Anyway, you can probably guess what has happened in years since. I went on a roller coaster physically and mentally. I’m an all-or-nothing minded person that loves a routine. And when I wasn’t able to do what I wanted to the level I wanted…I just gave up. Once I decided I was coming home, I decided that was the time to get everything fixed.
I could tell the whole story of the amount of doctors, chiropractors, nurses, massage therapists and physical therapists that I have been to from June 2016 until October 2017…but frankly, it’s too exhausting. I’ll keep it short.
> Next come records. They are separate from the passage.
(* Let $s\in(\frac12,1)$, $x_0\in\mathbb R^N$, $A,B\in\mathbb R$, and $\mathcal C(x)=A|x-x_0|^{2s-1}+B$. Then $\Delta^s_\infty\mathcal C(x)=0$ for every $x\neq x_0$.
   Context: $S^{N-1}$ unit sphere. For a function $\phi$ differentiable at $x$ (with the integrals below convergent), the infinity fractional Laplacian is: if $\nabla\phi(x)\ne0$ and $v=\nabla\phi(x)/|\nabla\phi(x)|$, $\Delta^s_\infty\phi(x)=\int_0^\infty\frac{\phi(x+\eta v)+\phi(x-\eta v)-2\phi(x)}{\eta^{1+2s}}d\eta$; if $\nabla\phi(x)=0$, $\Delta^s_\infty\phi(x)=\sup_{y\in S^{N-1}}\int_0^\infty\frac{\phi(x+\eta y)-\phi(x)}{\eta^{1+2s}}d\eta+\inf_{z\in S^{N-1}}\int_0^\infty\frac{\phi(x-\eta z)-\phi(x)}{\eta^{1+2s}}d\eta$. *)

theory Defs
  imports "HOL-Analysis.Analysis"
begin

text \<open>Gradient of a real-valued function at a point (meaningful when the function
is differentiable there; the Frechet derivative in a Euclidean space is unique).\<close>
definition grad :: "('a::euclidean_space \<Rightarrow> real) \<Rightarrow> 'a \<Rightarrow> 'a" where
  "grad \<phi> x = (SOME g. (\<phi> has_derivative (\<lambda>h. g \<bullet> h)) (at x))"

definition two_sided_integrand :: "real \<Rightarrow> ('a::euclidean_space \<Rightarrow> real) \<Rightarrow> 'a \<Rightarrow> 'a \<Rightarrow> real \<Rightarrow> real" where
  "two_sided_integrand s \<phi> x v = (\<lambda>\<eta>. (\<phi> (x + \<eta> *\<^sub>R v) + \<phi> (x - \<eta> *\<^sub>R v) - 2 * \<phi> x) / \<eta> powr (1 + 2 * s))"

definition one_sided_integrand :: "real \<Rightarrow> ('a::euclidean_space \<Rightarrow> real) \<Rightarrow> 'a \<Rightarrow> 'a \<Rightarrow> real \<Rightarrow> real" where
  "one_sided_integrand s \<phi> x y = (\<lambda>\<eta>. (\<phi> (x + \<eta> *\<^sub>R y) - \<phi> x) / \<eta> powr (1 + 2 * s))"

definition inf_frac_lap_defined :: "real \<Rightarrow> ('a::euclidean_space \<Rightarrow> real) \<Rightarrow> 'a \<Rightarrow> bool" where
  "inf_frac_lap_defined s \<phi> x \<longleftrightarrow> \<phi> differentiable (at x) \<and>
     (if grad \<phi> x \<noteq> 0
      then two_sided_integrand s \<phi> x (grad \<phi> x /\<^sub>R norm (grad \<phi> x)) integrable_on {0<..}
      else (\<forall>y\<in>sphere 0 1. one_sided_integrand s \<phi> x y integrable_on {0<..}
                          \<and> one_sided_integrand s \<phi> x (- y) integrable_on {0<..}))"

definition inf_frac_lap :: "real \<Rightarrow> ('a::euclidean_space \<Rightarrow> real) \<Rightarrow> 'a \<Rightarrow> real" where
  "inf_frac_lap s \<phi> x =
     (if grad \<phi> x \<noteq> 0
      then integral {0<..} (two_sided_integrand s \<phi> x (grad \<phi> x /\<^sub>R norm (grad \<phi> x)))
      else (SUP y\<in>sphere 0 1. integral {0<..} (one_sided_integrand s \<phi> x y))
         + (INF z\<in>sphere 0 1. integral {0<..} (one_sided_integrand s \<phi> x (- z))))"

end

theory Submission
  imports Defs "HOL-Real_Asymp.Real_Asymp"
begin

text \<open>On the line through \<open>x\<^sub>0\<close> and \<open>x\<close>, the gradient direction of the profile, the integrand
  is \<open>A\<close> times the symmetric difference quotient \<open>(|r+t|^a + |r-t|^a - 2 r^a) / t^(a+2)\<close>, with
  \<open>r = |x - x\<^sub>0|\<close> and \<open>a = 2 s - 1\<close>. Split it into a forward and a backward quotient. Because
  the denominator has homogeneity exactly \<open>a + 2\<close>, the substitution \<open>t \<mapsto> r t / (r + t)\<close> turns
  the backward quotient into minus the forward one, and the involution \<open>u \<mapsto> r + r\<^sup>2 / (u - r)\<close>
  of \<open>(r, \<infinity>)\<close> maps the backward quotient to itself. Hence on \<open>[e, b]\<close> everything cancels except
  the backward quotient integrated over \<open>[r e/(r+e), e]\<close> and over a window around \<open>r\<close>, which
  vanish as \<open>e \<rightarrow> 0\<close> and \<open>b \<rightarrow> \<infinity>\<close>. The quotient is negative near \<open>0\<close> and positive near \<open>\<infinity>\<close>,
  so monotone convergence turns these limits into an integral over \<open>(0, \<infinity>)\<close>.\<close>

lemma has_integral_Ioc_of_tendsto_at_right:
  fixes h :: "real \<Rightarrow> real"
  assumes "0 < c"
    and int: "\<And>e. 0 < e \<Longrightarrow> h integrable_on {e..c}"
    and nonneg: "\<And>t. 0 < t \<Longrightarrow> t \<le> c \<Longrightarrow> 0 \<le> h t"
    and lim: "((\<lambda>e. integral {e..c} h) \<longlongrightarrow> l) (at_right 0)"
  shows "(h has_integral l) {0<..c}"
proof -
  define e where "e n = c / real (Suc n)" for n
  define f where "f n x = (if x \<in> {e n..c} then h x else 0)" for n x
  have e_pos: "0 < e n" for n
    using \<open>0 < c\<close> by (simp add: e_def)
  have e_dec: "e (Suc n) \<le> e n" for n
    using \<open>0 < c\<close> by (simp add: e_def frac_le)
  have e_to_0: "filterlim e (at_right 0) sequentially"
    unfolding e_def using \<open>0 < c\<close> by real_asymp
  have f_int: "(f n has_integral integral {e n..c} h) {0<..c}" for n
  proof -
    have "{e n..c} \<inter> {0<..c} = {e n..c}"
      using e_pos[of n] by auto
    then show ?thesis
      unfolding f_def has_integral_restrict_Int using int[OF e_pos] by (simp add: has_integral_integral)
  qed
  have lim_seq: "(\<lambda>n. integral {0<..c} (f n)) \<longlonglongrightarrow> l"
  proof -
    have "integral {0<..c} (f n) = integral {e n..c} h" for n
      using f_int by (rule integral_unique)
    then show ?thesis
      using filterlim_compose[OF lim e_to_0] by simp
  qed
  have "h integrable_on {0<..c} \<and> (\<lambda>n. integral {0<..c} (f n)) \<longlonglongrightarrow> integral {0<..c} h"
  proof (rule monotone_convergence_increasing)
    show "f n integrable_on {0<..c}" for n
      using f_int by blast
    show "f n x \<le> f (Suc n) x" if "x \<in> {0<..c}" for n x
      using that e_dec[of n] nonneg[of x] by (auto simp: f_def)
    show "(\<lambda>n. f n x) \<longlonglongrightarrow> h x" if x: "x \<in> {0<..c}" for x
    proof (rule tendsto_eventually)
      have "\<forall>\<^sub>F n in sequentially. e n < x"
        using e_to_0 x by (intro order_tendstoD(2)) (auto simp: filterlim_at)
      then show "\<forall>\<^sub>F n in sequentially. f n x = h x"
        by eventually_elim (use x in \<open>auto simp: f_def\<close>)
    qed
    show "bounded (range (\<lambda>n. integral {0<..c} (f n)))"
      using lim_seq by (rule convergent_imp_bounded)
  qed
  then show ?thesis
    using LIMSEQ_unique[OF lim_seq] by (metis has_integral_integrable_integral)
qed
I had a nose surgery for a Deviated Septum in September 2016. I had an arthroscopic shoulder surgery for AC Joint Arthritis in November 2016. I had an open shoulder surgery for AC Joint Arthritis in August 2017.
So, what do all of these surgeries and injuries have to do with “Rebuilding Rome?” Well, as I mentioned before, I am Rome…and I’ve got a while before I reach 476 A.D. For me, it’s 64 A.D. I built myself up like a great empire, it took a while and it was hard…but the gain was well worth the pain. Then, my body fell, it broke down…just as Rome burned down in 64 A.D. But that was not the end for Rome. Rome thrived for 400+ more years. I plan to thrive again for quite a while. “Rebuilding Rome” will follow my journey back to becoming “Cal.” I look forward to the journey with you all.